Refleksi
Pembelajaran dari Kitab Adabul ‘Alim wal Muta’allim
Kelas
Jurumiyyah Putra
Tahun 2015
Assalamu’alaikum Warohmatullohi
Wabarokaatuh...
Bismillahirrahmanirrahim...
Segala
puji bagi Allah Swt dzat yang tak pernah tidur dan tak pernah lupa untuk
mengurusi hambanNya setiap detik di seluruh jagad raya ini.
Sholawat serta salam semoga
selalu tercurah ke haribaan Nabi Agung Muhammad Saw, Nabi penuh kasih dan
sayang terhadap ummatnya. Semoga kita termasuk ummat yang dikasihi dan
disayangi serta mendapat limpahan syafaat di Yaumil Akhir nanti. Amiin.
Setiap detik dan setiap saat dalam kehidupan di alam
semesta ini selalu dipenuhi dengan berbagai godaan syetan yang menggoda. Di
mana-mana makhluk Allah yang bernama “Syetan” ini selalu berupaya untuk
membujuk dan mengajak musuhnya (manusia) agar terjerumus ke dalam jurang
kemaksiatan dan kedholiman. Sehingga tak sedikit manusia yang telah masuk ke
dalam perangkapnya.
Manusia yang terjerumus masuk ke dalam jurang kemaksiatan
dan kegelapan yang telah diciptakan syetan itu karena mereka tidak memiliki
ilmu dan keimanan yang mudah digoyahkan. Serta tameng ketaqwaan yang kurang
ampuh untuk melindungi iman dalam diri. Salah satu dari penyebabnya karena
mereka tidak berilmu dan tidak mengamalkan ajaran yang telah diberikan Allah
dan RosulNya melalui Al-Qur’an dan Hadits-hadits Nabi sebagai pedoman.
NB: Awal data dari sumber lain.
section \<open>The minimum-energy interpolation problem\<close>

locale min_energy_interpolation = linear_system A a b \<Phi>
  for A :: "real \<Rightarrow> real^'n^'n" and a b \<Phi> +
  fixes B :: "real \<Rightarrow> real^'n^'n" and m :: nat and tp :: "nat \<Rightarrow> real" and xs :: "nat \<Rightarrow> real^'n"
  assumes m_pos: "m \<ge> 1" and tp_0: "tp 0 = a" and tp_m: "tp m = b"
    and tp_less: "\<And>i. i < m \<Longrightarrow> tp i < tp (Suc i)"
    and invertible_B: "\<And>t. t \<in> {a..b} \<Longrightarrow> invertible (B t)"
    and continuous_B: "continuous_on {a..b} B"
begin

lemma tp_le: "i \<le> j \<Longrightarrow> j \<le> m \<Longrightarrow> tp i \<le> tp j"
  using consecutive_le[of m tp i j] tp_less less_imp_le by blast

lemma tp_bounds: "i \<le> m \<Longrightarrow> a \<le> tp i" "i \<le> m \<Longrightarrow> tp i \<le> b"
  using tp_le[of 0 i] tp_le[of i m] tp_0 tp_m by auto

lemma segment_subset: "i < m \<Longrightarrow> {tp i..tp (Suc i)} \<subseteq> {a..b}"
  using tp_bounds[of i] tp_bounds[of "Suc i"] by auto

lemma integrable_on_piecewise:
  fixes g :: "real \<Rightarrow> 'a::banach"
  assumes "\<And>i. i < m \<Longrightarrow> f i integrable_on {tp i..tp (Suc i)}"
    and "\<And>i t. i < m \<Longrightarrow> t \<in> {tp i..<tp (Suc i)} \<Longrightarrow> g t = f i t"
  shows "g integrable_on {a..b}"
proof -
  have "g integrable_on {tp i..tp (Suc i)}" if "i < m" for i
    by (rule integrable_spike_finite[of "{tp (Suc i)}", OF _ _ assms(1)[OF that]]) (use assms(2)[OF that] in auto)
  then have "g integrable_on {tp 0..tp m}"
    using tp_less by (intro integrable_on_consecutive_intervals) (auto intro: less_imp_le)
  then show ?thesis
    by (simp add: tp_0 tp_m)
qed

lemma absolutely_integrable_on_piecewise:
  fixes g :: "real \<Rightarrow> 'a::euclidean_space"
  assumes "\<And>i. i < m \<Longrightarrow> continuous_on {tp i..tp (Suc i)} (f i)"
    and "\<And>i t. i < m \<Longrightarrow> t \<in> {tp i..<tp (Suc i)} \<Longrightarrow> g t = f i t"
  shows "g absolutely_integrable_on {a..b}"
proof (rule absolutely_integrable_onI)
  show "g integrable_on {a..b}"
    by (rule integrable_on_piecewise[of f]) (use assms in \<open>auto intro: integrable_continuous_real\<close>)
  show "(\<lambda>t. norm (g t)) integrable_on {a..b}"
    by (rule integrable_on_piecewise[of "\<lambda>i t. norm (f i t)"])
      (use assms in \<open>auto intro: integrable_continuous_real continuous_on_norm\<close>)
qed

text \<open>\<open>gram i\<close> and \<open>moment i\<close> are the paper's \<open>S\<close> and \<open>v\<close> on the \<open>i\<close>-th segment, and
  \<open>opt_forcing i\<close> is the optimal \<open>B u\<close> there.\<close>

definition gram :: "nat \<Rightarrow> real^'n^'n" where
  "gram i = integral {tp i..tp (Suc i)} (\<lambda>s. \<Phi> (tp i) s ** transpose (\<Phi> (tp i) s))"

definition moment :: "nat \<Rightarrow> real^'n" where
  "moment i = \<Phi> (tp i) (tp (Suc i)) *v xs (Suc i) - xs i"

definition opt_forcing :: "nat \<Rightarrow> real \<Rightarrow> real^'n" where
  "opt_forcing i s = transpose (\<Phi> (tp i) s) *v (matrix_inv (gram i) *v moment i)"

definition segment :: "real \<Rightarrow> nat" where
  "segment t = Max {i. i < m \<and> tp i \<le> t}"

definition opt_control :: "real \<Rightarrow> real^'n" where
  "opt_control t = matrix_inv (B t) *v opt_forcing (segment t) t"

definition opt_state :: "real \<Rightarrow> real^'n" where
  "opt_state t = \<Phi> t a *v (xs 0 + integral {a..t} (\<lambda>s. \<Phi> a s *v (B s *v opt_control s)))"

lemma segment_eq:
  assumes "i < m" "t \<in> {tp i..<tp (Suc i)}"
  shows "segment t = i"
  unfolding segment_def
proof (rule Max_eqI)
  show "j \<le> i" if "j \<in> {i. i < m \<and> tp i \<le> t}" for j
    using that assms tp_le[of "Suc i" j] by (cases "j \<le> i") auto
qed (use assms in auto)

lemma B_opt_control:
  assumes "i < m" "t \<in> {tp i..<tp (Suc i)}"
  shows "B t *v opt_control t = opt_forcing i t"
proof -
  have "t \<in> {a..b}"
    using assms tp_bounds[of i] tp_bounds[of "Suc i"] by auto
  then show ?thesis
    using segment_eq[OF assms] invertible_B
    by (simp add: opt_control_def matrix_vector_mul_assoc matrix_inv_right)
qed

lemma continuous_on_opt_forcing: "i < m \<Longrightarrow> continuous_on {a..b} (opt_forcing i)"
  unfolding opt_forcing_def[abs_def]
  by (intro continuous_intros continuous_on_transition_right) (simp add: tp_bounds)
Dalam mencari dan supaya dimudahkan jalannya haruslah
mengetahui cara-cara yang tepat dan semestinya dilakukan oleh seorang “Tholib",
sebagai seorang “pencari”. Maka sebagai seorang pencari itu harus
pandai-pandai dalam menemukan apa yang ia cari, yakni ilmu. Ketika sudah
menemukannya pun ia harus paham bagaimana ia akan menggunakan temuan dan hasil
pencariannya itu. Ilmu yang bermanfaat dan diamalkan kepada orang lain.
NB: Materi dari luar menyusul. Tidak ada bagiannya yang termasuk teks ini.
lemma integrable_grad: "integrable lborel (\<lambda>w. h w * (dk (w - a) $ i))"
  using h_measurable h_le grad_measurable envelope_integrable grad_le_envelope
  by (rule integrable_bounded_mult_translate)

lemma cross_corr_grad_inner:
  shows "integrable lborel (\<lambda>w. h w * (dk (w - a) \<bullet> s))"
    and "(\<chi> i. cross_corr h (\<lambda>v. dk v $ i) a) \<bullet> s = (\<integral>w. h w * (dk (w - a) \<bullet> s) \<partial>lborel)"
proof -
  have expand: "h w * (dk (w - a) \<bullet> s) = (\<Sum>i\<in>UNIV. h w * (dk (w - a) $ i) * s $ i)" for w
    by (simp add: inner_vec_def sum_distrib_left mult.assoc)
  show "integrable lborel (\<lambda>w. h w * (dk (w - a) \<bullet> s))"
    unfolding expand by (intro Bochner_Integration.integrable_sum integrable_mult_left integrable_grad)
  show "(\<chi> i. cross_corr h (\<lambda>v. dk v $ i) a) \<bullet> s = (\<integral>w. h w * (dk (w - a) \<bullet> s) \<partial>lborel)"
    unfolding expand
    by (subst Bochner_Integration.integral_sum)
       (auto intro: integrable_grad simp: inner_vec_def cross_corr_def)
qed

lemma cross_corr_taylor_remainder:
  assumes "norm s \<le> 1"
  shows "\<bar>cross_corr h k (a + s) - cross_corr h k a + (\<chi> i. cross_corr h (\<lambda>v. dk v $ i) a) \<bullet> s\<bar>
           \<le> B * (\<integral>v. P v \<partial>lborel) * (norm s)\<^sup>2"
proof -
  define R where "R w = h w * (k (w - a - s) - k (w - a) + dk (w - a) \<bullet> s)" for w
  have R_eq: "R = (\<lambda>w. h w * k (w - (a + s)) - h w * k (w - a) + h w * (dk (w - a) \<bullet> s))"
    by (simp add: R_def fun_eq_iff algebra_simps)
  have "\<bar>cross_corr h k (a + s) - cross_corr h k a + (\<chi> i. cross_corr h (\<lambda>v. dk v $ i) a) \<bullet> s\<bar>
        = \<bar>\<integral>w. R w \<partial>lborel\<bar>"
    unfolding cross_corr_grad_inner(2) unfolding R_eq cross_corr_def
    using integrable_kernel cross_corr_grad_inner(1) by simp
  also have "\<dots> \<le> (\<integral>w. B * (norm s)\<^sup>2 * P (w - a) \<partial>lborel)"
  proof (rule integral_abs_bound_integral)
    show "integrable lborel R"
      unfolding R_eq
      by (intro Bochner_Integration.integrable_add Bochner_Integration.integrable_diff
          integrable_kernel cross_corr_grad_inner(1))
    show "integrable lborel (\<lambda>w. B * (norm s)\<^sup>2 * P (w - a))"
      using envelope_integrable by (intro integrable_mult_right integrable_translate_lborel)
    fix w
    have "0 \<le> B" using h_le[of 0] by linarith
    then have "\<bar>R w\<bar> \<le> B * ((norm s)\<^sup>2 * P (w - a))"
      unfolding R_def abs_mult using h_le taylor_remainder[OF assms, of "w - a"] by (intro mult_mono) auto
    then show "\<bar>R w\<bar> \<le> B * (norm s)\<^sup>2 * P (w - a)" by (simp add: mult.assoc)
  qed
  also have "\<dots> = B * (\<integral>v. P v \<partial>lborel) * (norm s)\<^sup>2"
    by (simp add: integral_translate_lborel[OF envelope_integrable] mult_ac)
  finally show ?thesis .
qed

lemma cross_corr_has_derivative:
  "(cross_corr h k has_derivative (\<lambda>y. - (\<chi> i. cross_corr h (\<lambda>v. dk v $ i) a) \<bullet> y)) (at a)"
proof (rule has_derivative_if_quadratic_remainder[where r = 1 and C = "B * (\<integral>v. P v \<partial>lborel)"])
  show "bounded_linear (\<lambda>y. - (\<chi> i. cross_corr h (\<lambda>v. dk v $ i) a) \<bullet> y)"
    by (rule bounded_linear_inner_right)
  fix y :: "real^'n" assume "norm (y - a) \<le> 1"
  then show "norm (cross_corr h k y - cross_corr h k a - - (\<chi> i. cross_corr h (\<lambda>v. dk v $ i) a) \<bullet> (y - a))
             \<le> B * (\<integral>v. P v \<partial>lborel) * (norm (y - a))\<^sup>2"
    using cross_corr_taylor_remainder[where a = a and s = "y - a"] by simp
qed simp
Sehingga dalam perjalanan dan berproses mencari ilmu itu
diperlukan pula petunjuk atau pedoman agar dimudahkan olehNya. Petunjuk dan
pedoman itu terdapat dalam sebuah kitab yang bernama Adabul ‘Alim Wal
Muta’allim, karya Hadrotus Syaikh Hasyim Asy’ari. Di dalam kitab ini
menjelaskan bagaimana ada-adab yang semestinya dilakukan seorang pencari ilmu
itu.
Saya sebagai seorang santri yang juga seorang mahasiswa, yang mana kedua status tadi pun sama-sama dinamakan sebagai seorang pencari ilmu. Hanya saja tempatnya berbeda. Di pesantren dan di universitas. Namun tidak menutup kemungkinan dan tidak membatasi untuk mempelajari etika atau adab yang ada dalam kitab Adabul ‘Alim Wal Muta’allim ini.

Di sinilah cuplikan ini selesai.